You can actually use these electrical signatures to make meditation a trackable, quantifiable "exercise activity". Just like you log running miles with, say, RunKeeper. Really cool to see more people getting excited about it the science! Disclaimer: cofounder at a startup doing this.
Can you post a small sample of eeg data and a code snippet that shows the transformation of the raw telemetry into the power spectrum? That would be very interesting and would answer doubts.

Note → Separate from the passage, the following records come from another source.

(* Let $F\subseteq\mathbb{R}$ be a countable subfield of $\mathbb{R}$ that is closed under Turing equivalence. Then there is a set $\mathcal{C}$ of Turing degrees, linearly ordered by $\le_T$, such that $F=\mathbb{R}_{\wedge\mathcal{C}}$, the set of all reals computable from some real whose degree lies in $\mathcal{C}$.
   Context: A set of reals is closed under Turing equivalence if it contains every real Turing equivalent to one of its elements. *)

theory Defs
  imports Complex_Main "HOL-Library.Nat_Bijection" "HOL-Library.Countable_Set"
begin

inductive rec_in :: "(nat \<Rightarrow> nat) \<Rightarrow> nat \<Rightarrow> (nat list \<Rightarrow> nat) \<Rightarrow> bool"
  for g :: "nat \<Rightarrow> nat" where
  r_zero: "rec_in g n (\<lambda>xs. 0)"
| r_succ: "rec_in g 1 (\<lambda>xs. Suc (hd xs))"
| r_proj: "i < n \<Longrightarrow> rec_in g n (\<lambda>xs. xs ! i)"
| r_oracle: "rec_in g 1 (\<lambda>xs. g (hd xs))"
| r_comp: "rec_in g m h \<Longrightarrow> length fs = m \<Longrightarrow> (\<forall>f\<in>set fs. rec_in g n f)
    \<Longrightarrow> rec_in g n (\<lambda>xs. h (map (\<lambda>f. f xs) fs))"
| r_prim: "rec_in g n b \<Longrightarrow> rec_in g (Suc (Suc n)) s
    \<Longrightarrow> rec_in g (Suc n) (\<lambda>xs. rec_nat (b (tl xs)) (\<lambda>k acc. s (k # acc # tl xs)) (hd xs))"
| r_min: "rec_in g (Suc n) p \<Longrightarrow> (\<forall>xs. length xs = n \<longrightarrow> (\<exists>y. p (y # xs) = 0))
    \<Longrightarrow> rec_in g n (\<lambda>xs. LEAST y. p (y # xs) = 0)"
| r_ext: "rec_in g n f \<Longrightarrow> (\<forall>xs. length xs = n \<longrightarrow> f xs = f' xs) \<Longrightarrow> rec_in g n f'"

definition turing_le_set :: "nat set \<Rightarrow> nat set \<Rightarrow> bool" where
  "turing_le_set A B \<longleftrightarrow> rec_in (\<lambda>k. of_bool (k \<in> B)) 1 (\<lambda>xs. of_bool (hd xs \<in> A))"

text \<open>Left Dedekind cut of a real, coded as a set of naturals: n codes the rational
 (a - b)/(c + 1) via Cantor pairing n = <a, <b, c>>.\<close>
definition rat_code :: "nat \<Rightarrow> real" where
  "rat_code n = (case prod_decode n of (a, r) \<Rightarrow> (case prod_decode r of (b, c) \<Rightarrow>
      (real a - real b) / (real c + 1)))"

definition left_cut :: "real \<Rightarrow> nat set" where
  "left_cut x = {n. rat_code n < x}"

definition turing_le :: "real \<Rightarrow> real \<Rightarrow> bool" where
  "turing_le x y \<longleftrightarrow> turing_le_set (left_cut x) (left_cut y)"

definition turing_equiv :: "real \<Rightarrow> real \<Rightarrow> bool" where
  "turing_equiv x y \<longleftrightarrow> turing_le x y \<and> turing_le y x"

definition turing_degree :: "real \<Rightarrow> real set" where
  "turing_degree x = {y. turing_equiv y x}"

definition degree_le :: "real set \<Rightarrow> real set \<Rightarrow> bool" where
  "degree_le d e \<longleftrightarrow> (\<exists>x\<in>d. \<exists>y\<in>e. turing_le x y)"

definition reals_below :: "real set set \<Rightarrow> real set" where
  "reals_below C = {x. \<exists>d\<in>C. \<exists>y\<in>d. turing_le x y}"

definition closed_turing_equiv :: "real set \<Rightarrow> bool" where
  "closed_turing_equiv F \<longleftrightarrow> (\<forall>x\<in>F. \<forall>y. turing_equiv y x \<longrightarrow> y \<in> F)"

definition is_subfield :: "real set \<Rightarrow> bool" where
  "is_subfield F \<longleftrightarrow> 0 \<in> F \<and> 1 \<in> F \<and> (\<forall>x\<in>F. \<forall>y\<in>F. x + y \<in> F \<and> x * y \<in> F)
     \<and> (\<forall>x\<in>F. - x \<in> F) \<and> (\<forall>x\<in>F. x \<noteq> 0 \<longrightarrow> inverse x \<in> F)"

end

(* Enumerating a countable set of reals that is directed and downward closed under
   Turing reducibility, and taking successive upper bounds, gives a cofinal chain; the
   degrees of its members form the required chain C.  A Turing-closed subfield F is
   downward closed and directed because sets of naturals can be coded additively: S is
   Turing equivalent to its code, the sum of 4^-(n+1) over n in S (the digits of the code
   are read off by rational probes; conversely its left cut is decided by comparing with
   base-4 prefixes), and disjoint unions go to sums of codes.  If X is reducible to Y, the
   codes of Y (+) X and Y (+) {} have the degree of Y, so lie in F, hence so does their
   difference, the code of {} (+) X, which has the degree of X.  The code of the upper
   bound X (+) Y is the sum of the codes of X (+) {} and {} (+) Y. *)

theory Submission
  imports Defs "HOL-Library.Indicator_Function"
begin

section \<open>Closure properties of relative recursiveness\<close>

lemma rec_in_ext: "rec_in g n f \<Longrightarrow> (\<And>xs. length xs = n \<Longrightarrow> f xs = f' xs) \<Longrightarrow> rec_in g n f'"
  using r_ext by blast

lemma rec_in_unary_nth: "rec_in g 1 (\<lambda>xs. h (hd xs)) \<Longrightarrow> rec_in g 1 (\<lambda>xs. h (xs ! 0))"
  by (erule rec_in_ext) (auto simp: length_Suc_conv)

lemma rec_in_compose1:
  assumes "rec_in g 1 (\<lambda>ys. h (ys ! 0))" and "rec_in g n f"
  shows "rec_in g n (\<lambda>xs. h (f xs))"
  using r_comp[of g 1 "\<lambda>ys. h (ys ! 0)" "[f]" n] assms by simp

lemma rec_in_compose2:
  assumes "rec_in g 2 (\<lambda>ys. h (ys ! 0) (ys ! 1))" and "rec_in g n f1" and "rec_in g n f2"
  shows "rec_in g n (\<lambda>xs. h (f1 xs) (f2 xs))"
  using r_comp[of g 2 "\<lambda>ys. h (ys ! 0) (ys ! 1)" "[f1, f2]" n] assms by simp

lemma rec_in_Suc: "rec_in g n f \<Longrightarrow> rec_in g n (\<lambda>xs. Suc (f xs))"
  using rec_in_compose1[OF rec_in_unary_nth[OF r_succ]] .

lemma rec_in_oracle: "rec_in g n f \<Longrightarrow> rec_in g n (\<lambda>xs. g (f xs))"
  using rec_in_compose1[OF rec_in_unary_nth[OF r_oracle]] .

lemma rec_in_const: "rec_in g n (\<lambda>_. c)"
proof (induction c)
  case (Suc c)
  then show ?case by (rule rec_in_Suc)
qed (rule r_zero)

lemma rec_in_rec_nat:
  assumes "rec_in g 2 (\<lambda>ys. s (ys ! 0) (ys ! 1))"
  shows "rec_in g 1 (\<lambda>xs. rec_nat c s (xs ! 0))"
proof -
  have "rec_in g 1 (\<lambda>xs. rec_nat c s (hd xs))"
    using r_prim[of g 0 "\<lambda>_. c" "\<lambda>ys. s (ys ! 0) (ys ! 1)"] assms
    by (simp add: rec_in_const numeral_2_eq_2)
  then show ?thesis
    by (rule rec_in_ext) (auto simp: length_Suc_conv)
qed

lemma rec_in_rec_nat_param:
  assumes "rec_in g 1 (\<lambda>ys. b (ys ! 0))" and "rec_in g 3 (\<lambda>ys. s (ys ! 0) (ys ! 1) (ys ! 2))"
  shows "rec_in g 2 (\<lambda>xs. rec_nat (b (xs ! 1)) (\<lambda>k acc. s k acc (xs ! 1)) (xs ! 0))"
proof -
  have "rec_in g 2 (\<lambda>xs. rec_nat (b (tl xs ! 0)) (\<lambda>k acc. s k acc (tl xs ! 0)) (hd xs))"
    using r_prim[of g 1 "\<lambda>ys. b (ys ! 0)" "\<lambda>ys. s (ys ! 0) (ys ! 1) (ys ! 2)"] assms
    by (simp add: numeral_2_eq_2 numeral_3_eq_3)
  then show ?thesis
    by (rule rec_in_ext) (auto simp: numeral_2_eq_2 length_Suc_conv)
qed

lemma rec_in_change_oracle:
  "rec_in g n f \<Longrightarrow> rec_in h 1 (\<lambda>xs. g (hd xs)) \<Longrightarrow> rec_in h n f"
proof (induction rule: rec_in.induct)
  case r_succ
  then show ?case using rec_in.r_succ[of h] by simp
next
  case (r_comp m h' fs n)
  then show ?case by (auto intro: rec_in.r_comp)
qed (auto intro: rec_in.intros)

lemma rec_in_add:
  assumes "rec_in g n f1" and "rec_in g n f2"
  shows "rec_in g n (\<lambda>xs. f1 xs + f2 xs)"
proof -
  have "rec_in g 2 (\<lambda>ys. rec_nat (ys ! 1) (\<lambda>k acc. Suc acc) (ys ! 0))"
    using rec_in_rec_nat_param[of g "\<lambda>y. y" "\<lambda>k acc y. Suc acc"] by (simp add: r_proj rec_in_Suc)
  moreover have "rec_nat y (\<lambda>k acc. Suc acc) x = x + y" for x y :: nat
    by (induction x) auto
  ultimately show ?thesis
    using rec_in_compose2[OF _ assms] by simp
qed

lemma rec_in_mult:
  assumes "rec_in g n f1" and "rec_in g n f2"
  shows "rec_in g n (\<lambda>xs. f1 xs * f2 xs)"
proof -
  have "rec_in g 2 (\<lambda>ys. rec_nat 0 (\<lambda>k acc. acc + ys ! 1) (ys ! 0))"
    using rec_in_rec_nat_param[of g "\<lambda>y. 0" "\<lambda>k acc y. acc + y"]
    by (simp add: r_proj rec_in_add rec_in_const)
  moreover have "rec_nat 0 (\<lambda>k acc. acc + y) x = x * y" for x y :: nat
    by (induction x) auto
  ultimately show ?thesis
    using rec_in_compose2[OF _ assms] by simp
qed

lemma rec_in_pred:
  assumes "rec_in g n f"
  shows "rec_in g n (\<lambda>xs. f xs - 1)"
proof -
  have "rec_in g 1 (\<lambda>ys. rec_nat 0 (\<lambda>k acc. k) (ys ! 0))"
    by (rule rec_in_rec_nat) (simp add: r_proj)
  moreover have "rec_nat 0 (\<lambda>k acc. k) x = x - 1" for x :: nat
    by (cases x) auto
  ultimately show ?thesis
    using rec_in_compose1[OF _ assms] by simp
qed

lemma rec_in_diff:
  assumes "rec_in g n f1" and "rec_in g n f2"
  shows "rec_in g n (\<lambda>xs. f1 xs - f2 xs)"
proof -
  have "rec_in g 3 (\<lambda>ys. ys ! 1 - 1)"
    by (intro rec_in_pred r_proj) simp
  then have "rec_in g 2 (\<lambda>ys. rec_nat (ys ! 1) (\<lambda>k acc. acc - 1) (ys ! 0))"
    using rec_in_rec_nat_param[of g "\<lambda>y. y" "\<lambda>k acc y. acc - 1"] by (simp add: r_proj)
  moreover have "rec_nat y (\<lambda>k acc. acc - 1) x = y - x" for x y :: nat
    by (induction x) auto
  ultimately show ?thesis
    using rec_in_compose2[OF _ assms(2,1)] by simp
qed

Mind talking a little bit about the technology that you're using and how it's worked out for you? I've been running EEG studies for years, and those small headband-type readers are notorious for being so finnicky as to be almost useless, especially since they have no way of controlling for eye motion. I've never seen a decent setup for anything less than 5-10 grand, and even then they need Ag-AgCl electrodes with conductive gel, which it looks like you've managed to avoid.
Thanks Itaxpica. I come from an academic cognitive neuro background too and shared a lot of your concerns. We've shown empirically that you can use an active (non-gel) EEG system to do limited things. We are interested in mindfulness and meditation, which often involves sitting still and closing your eyes. These facts make it easier to use our detection algorithms successfully than it might in other realms. Check out neurosky, emotiv, interaxon and other folks to see products in the space--> still in its infancy, but we're practically seeing results for our narrow focus, which is meditation.
Yeah, I could see where removing movement from the equation could help significantly. Thanks for the response - I'll be keeping a curious eye on how you guys do. Should be pretty cool!
Unfortunately the bluetooth protocol got a lot easier to integrate into our app in iOS 5, but we may release on other platforms in the future! Thanks for the +1 for iOS4.
Sorry if others don't like this but can you elaborate either by pointing me at your startup, with more science or both? I'm going to go on a Google spree but I'm curious about your take.
This is completely foreign to me, it fails my bs test but to hear not just the words scientific, but quantifiable, piques my interest.
Of course, and thank you for reaching out! My previous (pre-startup) job was to do neuroimaging of mindfulness on longterm practitioners in the lab of Sara Lazar. You can check out some of their publications to get going--> http://www.nmr.mgh.harvard.edu/~lazar/
Our startup is bringing those findings from the lab onto our mobile phone (check out www.brainbot.me for some info, although admittedly not much yet!) Right now we're busy prototyping and working on our first release.
There's a book called Buddha's Brain that documents several studies of people meditating while being scanned by an fMRI machine. It's quite fascinating. Regular meditation alters connections in the brain, similar to how working out a muscle changes the muscle.
I was on the fence on whether claimed effects of meditation were real, and reading this book clinched it for me. It anchored the claims I'd read elsewhere in something I actually believe - fMRI scans of brain activity.